Exercise directions
Write out exactly what each line says, starting with the first line below and ending on the one with "unfolding axis_affine_def by (auto".

[Stored data]
====================

lemma inj_axis_scale: "s \<noteq> 0 \<Longrightarrow> t \<noteq> 0 \<Longrightarrow> inj (\<lambda>p :: real \<times> real. (s * fst p, t * snd p))"
  by (auto simp: inj_def prod_eq_iff)

lemma inj_axis_affine: "s \<noteq> 0 \<Longrightarrow> t \<noteq> 0 \<Longrightarrow> inj (axis_affine c s t)"
  unfolding axis_affine_def by (auto simp: inj_def prod_eq_iff)

lemma inj_on_image_axis_affine: "s \<noteq> 0 \<Longrightarrow> t \<noteq> 0 \<Longrightarrow> inj_on ((`) (axis_affine c s t)) X"
  by (meson inj_axis_affine inj_on_image inj_on_subset subset_UNIV)

lemma dissection_axis_affine:
  assumes "dissection P D" "s \<noteq> 0" "t \<noteq> 0"
  shows "dissection (axis_affine c s t ` P) ((`) (axis_affine c s t) ` D)"
  unfolding axis_affine_eq_translate_linear
  using assms by (intro dissection_affine_image linear_axis_scale inj_axis_scale)

lemma area_axis_affine:
  assumes S: "S \<in> sets borel" and st: "s \<noteq> 0" "t \<noteq> 0"
  shows "area (axis_affine c s t ` S) = \<bar>s * t\<bar> * area S"
proof -
  let ?f = "axis_affine c s t"
  let ?g = "axis_affine (- fst c / s, - snd c / t) (1 / s) (1 / t)"
  have f_eq: "?f = (\<lambda>x. c + (\<Sum>j\<in>Basis. ((if j = (0, 1) then t else s) * (x \<bullet> j)) *\<^sub>R j))"
    by (simp add: axis_affine_def fun_eq_iff prod_eq_iff Basis_prod_def inner_prod_def)
  have lborel: "lborel = density (distr lborel borel ?f) (\<lambda>_. ennreal \<bar>s * t\<bar>)"
    unfolding f_eq using lborel_affine_euclidean[of "\<lambda>j. if j = (0, 1) then t else s" c] st
    by (simp add: Basis_prod_def abs_mult mult.commute)
  have f_meas: "?f \<in> borel_measurable borel" and g_meas: "?g \<in> borel_measurable borel"
    unfolding axis_affine_def by (intro borel_measurable_continuous_onI continuous_intros)+
  have gf: "?g (?f p) = p" and fg: "?f (?g p) = p" for p
    using st by (simp_all add: axis_affine_def field_simps)
  have "?f ` S = ?g -` S"
  proof (intro set_eqI iffI)
    fix p assume "p \<in> ?f ` S"
    then show "p \<in> ?g -` S"
      using gf by auto
  next
    fix p assume "p \<in> ?g -` S"
    then have "?f (?g p) \<in> ?f ` S"
      by blast
    then show "p \<in> ?f ` S"
      by (simp only: fg)
  qed
  then have fS: "?f ` S \<in> sets borel"
    using measurable_sets[OF g_meas S] by simp
  have "?f -` (?f ` S) = S"
    using inj_axis_affine[OF st] by (rule inj_vimage_image_eq)
  then have "emeasure lborel (?f ` S) = ennreal \<bar>s * t\<bar> * emeasure lborel S"
    using fS f_meas
    by (subst lborel) (simp add: emeasure_density emeasure_distr nn_integral_cmult_indicator)
  then show ?thesis
    using S fS by (simp add: area_def measure_def enn2real_mult)
qed

lemma area_axis_affine_triangle:
  "triangle T \<Longrightarrow> s \<noteq> 0 \<Longrightarrow> t \<noteq> 0 \<Longrightarrow> area (axis_affine c s t ` T) = \<bar>s * t\<bar> * area T"
  by (simp add: area_axis_affine borel_compact triangle_compact)

lemma axis_affine_unit_square:
  assumes "s > 0" "t > 0"
  shows "axis_affine c s t ` unit_square = {fst c .. fst c + s} \<times> {snd c .. snd c + t}"
proof (intro set_eqI iffI)
  fix p assume "p \<in> axis_affine c s t ` unit_square"
  then obtain x y where xy: "x \<in> {0..1}" "y \<in> {0..1}" and p: "p = axis_affine c s t (x, y)"
    by (auto simp: unit_square_def)
  have "0 \<le> s * x" "s * x \<le> s" "0 \<le> t * y" "t * y \<le> t"
    using assms xy by (simp_all add: mult_left_le)
  then show "p \<in> {fst c .. fst c + s} \<times> {snd c .. snd c + t}"
    by (simp add: p axis_affine_def)
next
  fix p assume "p \<in> {fst c .. fst c + s} \<times> {snd c .. snd c + t}"
  then have "((fst p - fst c) / s, (snd p - snd c) / t) \<in> unit_square"
    using assms by (auto simp: unit_square_def field_simps)
  moreover have "p = axis_affine c s t ((fst p - fst c) / s, (snd p - snd c) / t)"
    using assms by (simp add: axis_affine_def)
  ultimately show "p \<in> axis_affine c s t ` unit_square"
    by blast
qed

lemma area_unit_square: "area unit_square = 1"
proof -
  have square: "unit_square = cbox (0, 0) (1, 1)"
    by (simp add: unit_square_def cbox_Pair_eq)
  show ?thesis
    unfolding area_def square by (simp add: content_Pair)
qed

definition lower_triangle :: "(real \<times> real) set" where
  "lower_triangle = convex hull {(0, 0), (1, 0), (0, 1)}"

====================

Your response
lemma inj_axis_scale: "s \<noteq> 0 \<Longrightarrow> t \<noteq> 0 \<Longrightarrow> inj (\<lambda>p :: real \<times> real. (s * fst p, t * snd p))"
  by (auto simp: inj_def prod_eq_iff)

lemma inj_axis_affine: "s \<noteq> 0 \<Longrightarrow> t \<noteq> 0 \<Longrightarrow> inj (axis_affine c s t)"
  unfolding axis_affine_def by (auto simp: inj_def prod_eq_iff)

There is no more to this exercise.